I am not made for this world.  This is not a threat, merely an observation.  Whatever mechanism exists to keep the mind turning over, emptying and filling, and tackling each new problem without the weight of consciousness perpetually halting the means of production, whatever mechanism that is I am not in possession of it.  Maybe none of us really have it, just some people are better liars.  I write a lot of about self-configuring and modular thinking and I speak from a place of longing.
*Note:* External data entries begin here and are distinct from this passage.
lemma measurable_noisy_gradient_iterates:
  fixes u w :: "nat \<Rightarrow> 'a \<Rightarrow> 'v::euclidean_space"
  assumes [measurable]: "g \<in> borel_measurable borel" "\<And>k. w k \<in> borel_measurable M"
    and "\<And>\<omega>. u 0 \<omega> = x0"
    and step: "\<And>k \<omega>. u (Suc k) \<omega> = u k \<omega> - \<alpha> *\<^sub>R (g (u k \<omega>) + w k \<omega>)"
  shows "u k \<in> borel_measurable M"
proof (induction k)
  case 0
  then show ?case by (simp add: \<open>\<And>\<omega>. u 0 \<omega> = x0\<close>)
next
  case (Suc k)
  have "u (Suc k) = (\<lambda>\<omega>. u k \<omega> - \<alpha> *\<^sub>R (g (u k \<omega>) + w k \<omega>))"
    by (simp add: fun_eq_iff step)
  with Suc show ?case by simp
qed

lemma (in prob_space) prob_ge_one_minus_prob:
  assumes "A \<in> events" and "B \<in> events" and "space M - B \<subseteq> A"
  shows "1 - prob B \<le> prob A"
  using prob_compl[OF assms(2)] finite_measure_mono[OF assms(3,1)] by simp

lemma (in prob_space) prob_noisy_gradient_descent_descends_or_stays:
  fixes \<Psi> :: "real^'n^'m \<Rightarrow> real" and g :: "real^'n^'m \<Rightarrow> real^'n^'m"
    and ny nz y z :: "nat \<Rightarrow> 'a \<Rightarrow> real^'n^'m" and e :: "real^'n^'m" and \<rho> :: real
  assumes grad: "\<And>x. (\<Psi> has_derivative (\<lambda>h. g x \<bullet> h)) (at x)"
    and lip: "\<And>x y. norm (g x - g y) \<le> L * norm (x - y)" and "0 \<le> L"
    and \<alpha>: "0 < \<alpha>" "L * \<alpha> \<le> 1"
    and ny_indep: "indep_vars (\<lambda>_. borel) ny UNIV" and ny_law: "\<And>k. distr M borel (ny k) = gauss \<sigma>"
    and nz_measurable: "\<And>k. nz k \<in> borel_measurable M"
    and "norm e = 1"
    and coupl_span: "\<And>k \<omega>. \<omega> \<in> space M \<Longrightarrow> ny k \<omega> - nz k \<omega> \<in> span {e}"
    and coupl_refl: "\<And>k \<omega>. \<omega> \<in> space M \<Longrightarrow> e \<bullet> ny k \<omega> = - (e \<bullet> nz k \<omega>)"
    and y0: "\<And>\<omega>. y 0 \<omega> = x0" and z0: "\<And>\<omega>. z 0 \<omega> = x0"
    and y_step: "\<And>k \<omega>. y (Suc k) \<omega> = y k \<omega> - \<alpha> *\<^sub>R (g (y k \<omega>) + ny k \<omega>)"
    and z_step: "\<And>k \<omega>. z (Suc k) \<omega> = z k \<omega> - \<alpha> *\<^sub>R (g (z k \<omega>) + nz k \<omega>)"
    and "0 < \<sigma>" and "0 \<le> \<rho>" and N2: "2 \<le> CARD('m) * CARD('n)"
    and budget: "4 * \<alpha> * r * ls + 4 * \<alpha>\<^sup>2 * r * (2 * real (CARD('m) * CARD('n)) * \<sigma>\<^sup>2 * (r + \<rho>)) \<le> d\<^sup>2"
    and "0 \<le> d"
  shows "1 - exp (- \<rho>) \<le> prob {\<omega> \<in> space M.
           (\<exists>\<tau>\<in>{1..r}. min (\<Psi> (y (t0 + \<tau>) \<omega>) - \<Psi> (y t0 \<omega>))
                               (\<Psi> (z (t0 + \<tau>) \<omega>) - \<Psi> (z t0 \<omega>)) \<le> - ls)
         \<or> (\<forall>\<tau>\<in>{1..r}. max (norm (y (t0 + \<tau>) \<omega> - y t0 \<omega>))
                               (norm (z (t0 + \<tau>) \<omega> - z t0 \<omega>)) \<le> d)}"
    (is "_ \<le> prob ?T")
proof -
  define B where "B = 2 * real (CARD('m) * CARD('n)) * \<sigma>\<^sup>2 * (r + \<rho>)"
  define W where "W \<omega> = (\<Sum>k\<in>{t0..<t0 + r}. (norm (ny k \<omega>))\<^sup>2)" for \<omega>
  have [measurable]: "ny k \<in> borel_measurable M" "nz k \<in> borel_measurable M" for k
    using ny_indep nz_measurable unfolding indep_vars_def by auto
  have [measurable]: "g \<in> borel_measurable borel"
    using lip \<open>0 \<le> L\<close>
    by (intro borel_measurable_continuous_onI lipschitz_on_continuous_on[of L] lipschitz_onI)
      (auto simp: dist_norm)
  have [measurable]: "\<Psi> \<in> borel_measurable borel"
    using grad has_derivative_continuous
    by (blast intro: borel_measurable_continuous_onI continuous_at_imp_continuous_on)
  have [measurable]: "y k \<in> borel_measurable M" "z k \<in> borel_measurable M" for k
    by (rule measurable_noisy_gradient_iterates; fact)+
  have "space M - {\<omega>\<in>space M. B \<le> W \<omega>} \<subseteq> ?T"
    apply (intro subsetI CollectI conjI)
    subgoal by simp
    subgoal for \<omega>
      using norm_eq_if_reflection[OF \<open>norm e = 1\<close> coupl_span coupl_refl, of \<omega>]
      by (intro noisy_gradient_descent_pair_descends_or_stays[where y = "\<lambda>k. y k \<omega>"
          and z = "\<lambda>k. z k \<omega>" and wy = "\<lambda>k. ny k \<omega>" and wz = "\<lambda>k. nz k \<omega>",
          OF grad lip \<alpha> y_step z_step _ _ budget[folded B_def] \<open>0 \<le> d\<close>]) (auto simp: W_def)
    done
  then have "1 - prob {\<omega>\<in>space M. B \<le> W \<omega>} \<le> prob ?T"
    by (intro prob_ge_one_minus_prob) (unfold W_def, measurable)
  moreover have "prob {\<omega>\<in>space M. B \<le> W \<omega>} \<le> exp (- \<rho>)"
    using gauss_energy_tail[OF ny_indep ny_law \<open>0 < \<sigma>\<close> _ N2 \<open>0 \<le> \<rho>\<close>, of "{t0..<t0 + r}"]
    by (simp add: B_def W_def)
  ultimately show ?thesis
    by linarith
qed

lemma step_size_bounds:
  fixes L \<rho> \<alpha> :: real
  assumes "0 \<le> L" and "1 \<le> \<rho>" and \<alpha>_def: "\<alpha> = 1 / (L * \<rho> ^ 7)"
    and "0 < nat \<lceil>\<rho> / sqrt \<alpha>\<rceil>"
  shows "0 < \<alpha>" and "L * \<alpha> \<le> 1"
proof -
  \<comment> \<open>for \<open>L = 0\<close> the junk value \<open>\<alpha> = 1 / 0 = 0\<close> would give \<open>\<rho> / sqrt \<alpha> = 0\<close>\<close>
  have "L \<noteq> 0"
    using assms(4) by (auto simp: \<alpha>_def)
  with \<open>0 \<le> L\<close> \<open>1 \<le> \<rho>\<close> show "0 < \<alpha>"
    by (simp add: \<alpha>_def)
  have "L * \<alpha> = 1 / \<rho> ^ 7"
    using \<open>L \<noteq> 0\<close> by (simp add: \<alpha>_def)
  also have "\<dots> \<le> 1"
    using \<open>1 \<le> \<rho>\<close> by (simp add: one_le_power)
  finally show "L * \<alpha> \<le> 1" .
qed

lemma descent_budget:
  fixes \<alpha> \<rho> \<sigma> d ls :: real and r N :: nat
  assumes "0 < \<alpha>" and "0 < r" and "0 \<le> \<rho>"
    and ls_def: "ls = d\<^sup>2 / (4 * \<alpha> * r) - 2 * real N * \<alpha> * \<sigma>\<^sup>2 * (r + sqrt (r * \<rho>) + \<rho>)"
  shows "4 * \<alpha> * r * ls + 4 * \<alpha>\<^sup>2 * r * (2 * real N * \<sigma>\<^sup>2 * (r + \<rho>)) \<le> d\<^sup>2"
proof -
  have "4 * \<alpha> * r * ls = d\<^sup>2 - 8 * real N * \<alpha>\<^sup>2 * \<sigma>\<^sup>2 * r * (r + sqrt (r * \<rho>) + \<rho>)"
    using assms(1,2) by (simp add: ls_def field_simps power2_eq_square)
  moreover have "r * (r + \<rho>) \<le> r * (r + sqrt (r * \<rho>) + \<rho>)"
    using assms(2,3) by (intro mult_left_mono) auto
  then have "8 * real N * \<alpha>\<^sup>2 * \<sigma>\<^sup>2 * (r * (r + \<rho>))
      \<le> 8 * real N * \<alpha>\<^sup>2 * \<sigma>\<^sup>2 * (r * (r + sqrt (r * \<rho>) + \<rho>))"
    using assms(3) by (intro mult_left_mono) auto
  ultimately show ?thesis
    by (simp add: algebra_simps)
qed

theorem lemma4:
  fixes E :: "'m::finite \<Rightarrow> 'm \<Rightarrow> bool"
    and S :: "real^'m^'m"
    and f :: "'m \<Rightarrow> real^'n::finite \<Rightarrow> real"
    and gf :: "'m \<Rightarrow> real^'n \<Rightarrow> real^'n"
    and Hf :: "'m \<Rightarrow> real^'n \<Rightarrow> real^'n^'n"
    and Lg LH :: "'m \<Rightarrow> real"
    and \<sigma> \<rho> :: real
    and \<theta>0 x0 :: "real^'n^'m"
    and \<Psi> :: "real^'n^'m \<Rightarrow> real"
    and g\<Psi> :: "real^'n^'m \<Rightarrow> real^'n^'m"
    and H\<Psi> :: "real^'n^'m \<Rightarrow> real^'n^'m"
    and e\<alpha> :: "real^'n^'m" and lam :: real
    and Lg\<Psi> LH\<Psi> \<alpha> d ls :: real and r :: nat
    and M :: "'a measure"
    and ny nz y z :: "nat \<Rightarrow> 'a \<Rightarrow> real^'n^'m"
    and t0 :: nat
  assumes m2: "CARD('m) \<ge> 2"
    and E_sym: "\<And>i j. E i j = E j i" and E_irrefl: "\<And>i. \<not> E i i"
    and S_sym: "transpose S = S"
    and S_psd: "\<And>v. 0 \<le> v \<bullet> (S *v v)"
    and S_sq: "S ** S = graph_laplacian E"
    and f_smooth: "\<And>i. smooth_fun (f i)"
    and f_grad: "\<And>i x. (f i has_derivative (\<lambda>h. gf i x \<bullet> h)) (at x)"
    and f_hess: "\<And>i x. (gf i has_derivative (\<lambda>h. Hf i x *v h)) (at x)"
    and Lg_pos: "\<And>i. 0 < Lg i" and LH_pos: "\<And>i. 0 < LH i"
    and grad_lip: "\<And>i x x'. norm (gf i x - gf i x') \<le> Lg i * dist x x'"
    and hess_lip: "\<And>i x x'. onorm (\<lambda>h. (Hf i x - Hf i x') *v h) \<le> LH i * dist x x'"
    and \<sigma>_pos: "0 < \<sigma>"
    and \<rho>_ge: "1 \<le> \<rho>"
    and \<Psi>_def: "\<Psi> = (\<lambda>x. \<Sum>i\<in>UNIV. f i ((\<theta>0 + kron_id S x) $ i))"
    and \<Psi>_grad: "\<And>x. (\<Psi> has_derivative (\<lambda>h. g\<Psi> x \<bullet> h)) (at x)"
    and \<Psi>_hess: "(g\<Psi> has_derivative H\<Psi>) (at x0)"
    and e\<alpha>_unit: "norm e\<alpha> = 1"
    and e\<alpha>_eig: "H\<Psi> e\<alpha> = lam *\<^sub>R e\<alpha>"
    and lam_min: "\<And>\<mu> v. v \<noteq> 0 \<Longrightarrow> H\<Psi> v = \<mu> *\<^sub>R v \<Longrightarrow> lam \<le> \<mu>"
    and Lg\<Psi>_def: "Lg\<Psi> = (onorm (\<lambda>v::real^'m. S *v v))\<^sup>2 * Max (range Lg)"
    and LH\<Psi>_def: "LH\<Psi> = (onorm (\<lambda>v::real^'m. S *v v)) ^ 3 * Max (range LH)"
    and \<alpha>_def: "\<alpha> = 1 / (Lg\<Psi> * \<rho> ^ 7)"
    and d_def: "d = \<sigma> / (20 * LH\<Psi> * \<rho>\<^sup>2)"
    and r_def: "r = nat \<lceil>\<rho> / sqrt \<alpha>\<rceil>"
    and ls_def: "ls = d\<^sup>2 / (4 * \<alpha> * real r)
        - 2 * real (CARD('m) * CARD('n)) * \<alpha> * \<sigma>\<^sup>2 * (real r + sqrt (real r * \<rho>) + \<rho>)"
    and M_prob: "prob_space M"
    and ny_indep: "prob_space.indep_vars M (\<lambda>_. borel) ny UNIV"
    and nz_indep: "prob_space.indep_vars M (\<lambda>_. borel) nz UNIV"
    and ny_law: "\<And>k. distr M borel (ny k) = gauss \<sigma>"
    and nz_law: "\<And>k. distr M borel (nz k) = gauss \<sigma>"
    and coupl_span: "\<And>k \<omega>. \<omega> \<in> space M \<Longrightarrow> ny k \<omega> - nz k \<omega> \<in> span {e\<alpha>}"
    and coupl_refl: "\<And>k \<omega>. \<omega> \<in> space M \<Longrightarrow> e\<alpha> \<bullet> ny k \<omega> = - (e\<alpha> \<bullet> nz k \<omega>)"
    and y0: "\<And>\<omega>. y 0 \<omega> = x0" and z0: "\<And>\<omega>. z 0 \<omega> = x0"
    and y_step: "\<And>k \<omega>. y (Suc k) \<omega> = y k \<omega> - \<alpha> *\<^sub>R (g\<Psi> (y k \<omega>) + ny k \<omega>)"
    and z_step: "\<And>k \<omega>. z (Suc k) \<omega> = z k \<omega> - \<alpha> *\<^sub>R (g\<Psi> (z k \<omega>) + nz k \<omega>)"
  shows "measure M {\<omega> \<in> space M.
           (\<exists>\<tau>\<in>{1..r}. min (\<Psi> (y (t0 + \<tau>) \<omega>) - \<Psi> (y t0 \<omega>))
                               (\<Psi> (z (t0 + \<tau>) \<omega>) - \<Psi> (z t0 \<omega>)) \<le> - ls)
         \<or> (\<forall>\<tau>\<in>{1..r}. max (norm (y (t0 + \<tau>) \<omega> - y t0 \<omega>))
                               (norm (z (t0 + \<tau>) \<omega> - z t0 \<omega>)) \<le> d)}
         \<ge> 1 - 8 * real r * exp (- \<rho>)"
proof -
  interpret prob_space M by (rule M_prob)
  show ?thesis
  proof (cases "r = 0")
    case True
    then show ?thesis by (simp add: prob_space)
  next
    case False
    have "0 < Max (range Lg)" "0 < Max (range LH)"
      using less_le_trans[OF Lg_pos Max_ge[of "range Lg"]] less_le_trans[OF LH_pos Max_ge[of "range LH"]]
      by auto
    then have "0 \<le> Lg\<Psi>" "0 \<le> LH\<Psi>"
      unfolding Lg\<Psi>_def LH\<Psi>_def by (simp_all add: onorm_pos_le)
    have \<alpha>: "0 < \<alpha>" "Lg\<Psi> * \<alpha> \<le> 1"
      using step_size_bounds[OF \<open>0 \<le> Lg\<Psi>\<close> \<rho>_ge \<alpha>_def] False by (simp_all add: r_def)
    have lip: "norm (g\<Psi> u - g\<Psi> v) \<le> Lg\<Psi> * norm (u - v)" for u v
      unfolding Lg\<Psi>_def
      by (rule lipschitz_gradient_sum_kron_id[OF S_sym f_grad grad_lip less_imp_le[OF Lg_pos]
            \<Psi>_def \<Psi>_grad])
    have nz_measurable: "nz k \<in> borel_measurable M" for k
      using nz_indep unfolding indep_vars_def by auto
    have "2 \<le> CARD('m) * CARD('n)"
      using mult_le_mono[OF m2, of 1 "CARD('n)"] by (simp add: Suc_le_eq)
    have "0 \<le> d"
      using \<open>0 \<le> LH\<Psi>\<close> \<sigma>_pos by (simp add: d_def)
    have budget: "4 * \<alpha> * r * ls
        + 4 * \<alpha>\<^sup>2 * r * (2 * real (CARD('m) * CARD('n)) * \<sigma>\<^sup>2 * (r + \<rho>)) \<le> d\<^sup>2"
      using \<alpha>(1) False \<rho>_ge by (intro descent_budget ls_def) auto
    have "1 - 8 * real r * exp (- \<rho>) \<le> 1 - exp (- \<rho>)"
      using False by simp
    then show ?thesis
      using prob_noisy_gradient_descent_descends_or_stays[OF \<Psi>_grad lip \<open>0 \<le> Lg\<Psi>\<close> \<alpha>
          ny_indep ny_law nz_measurable e\<alpha>_unit coupl_span coupl_refl y0 z0 y_step z_step \<sigma>_pos
          order_trans[OF zero_le_one \<rho>_ge] \<open>2 \<le> CARD('m) * CARD('n)\<close> budget \<open>0 \<le> d\<close>]
      by (rule order_trans)
  qed
qed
In university I wrote essays long before they were due, since discovering fundamental flaws in economic theory and resource shortages, I have taught myself how to garden and preserve food and exact an exit strategy, not because I am particularly keen and motivated, I do it out of an awareness of my shortcomings, to get a running start.

So why am I the way I am?  I kind of wish I had some lurid tale to tell if only to have something to hold onto for myself - an explanation gives one a fighting chance to encircle and dominate that which hurts.  I have no story.  My mind works, sometimes too efficiently.  Were I to console myself with heroics, I would liken this behavior to the Icarus myth.  I could see the way others cope as a gift of ignorance, flying at such low altitudes.  Or there is the old Thoreau chestnut, all people live lives of quiet desperation, and in that I can feel normal.  I don't feel normal.

I have been good for years but the pressure has come back, not as bad as before, but each new time hurts more because it undermines everything I thought I had gained.  The experience is fuzzy, I shut down, I lose interest in everything, I feel paranoid, lonely.  The only plan of attack I can formalize is that I need to get ahead of it, that if I let this feeling steer I am done for.  Most people, if confronted with this, would talk it out, have a good cry, and get over it.  I feel like I need to make seismic changes just to be able to breathe easier.  It is a struggle for me to claw back to being normal.  I had a temporary drinking problem when I was younger but I never adhered to the adage: once an alcoholic, always an alcoholic... the liquid itself holds no power over me.  But once a melancholic, always a melancholic, I do believe.  For I let the darkness in once and it never left.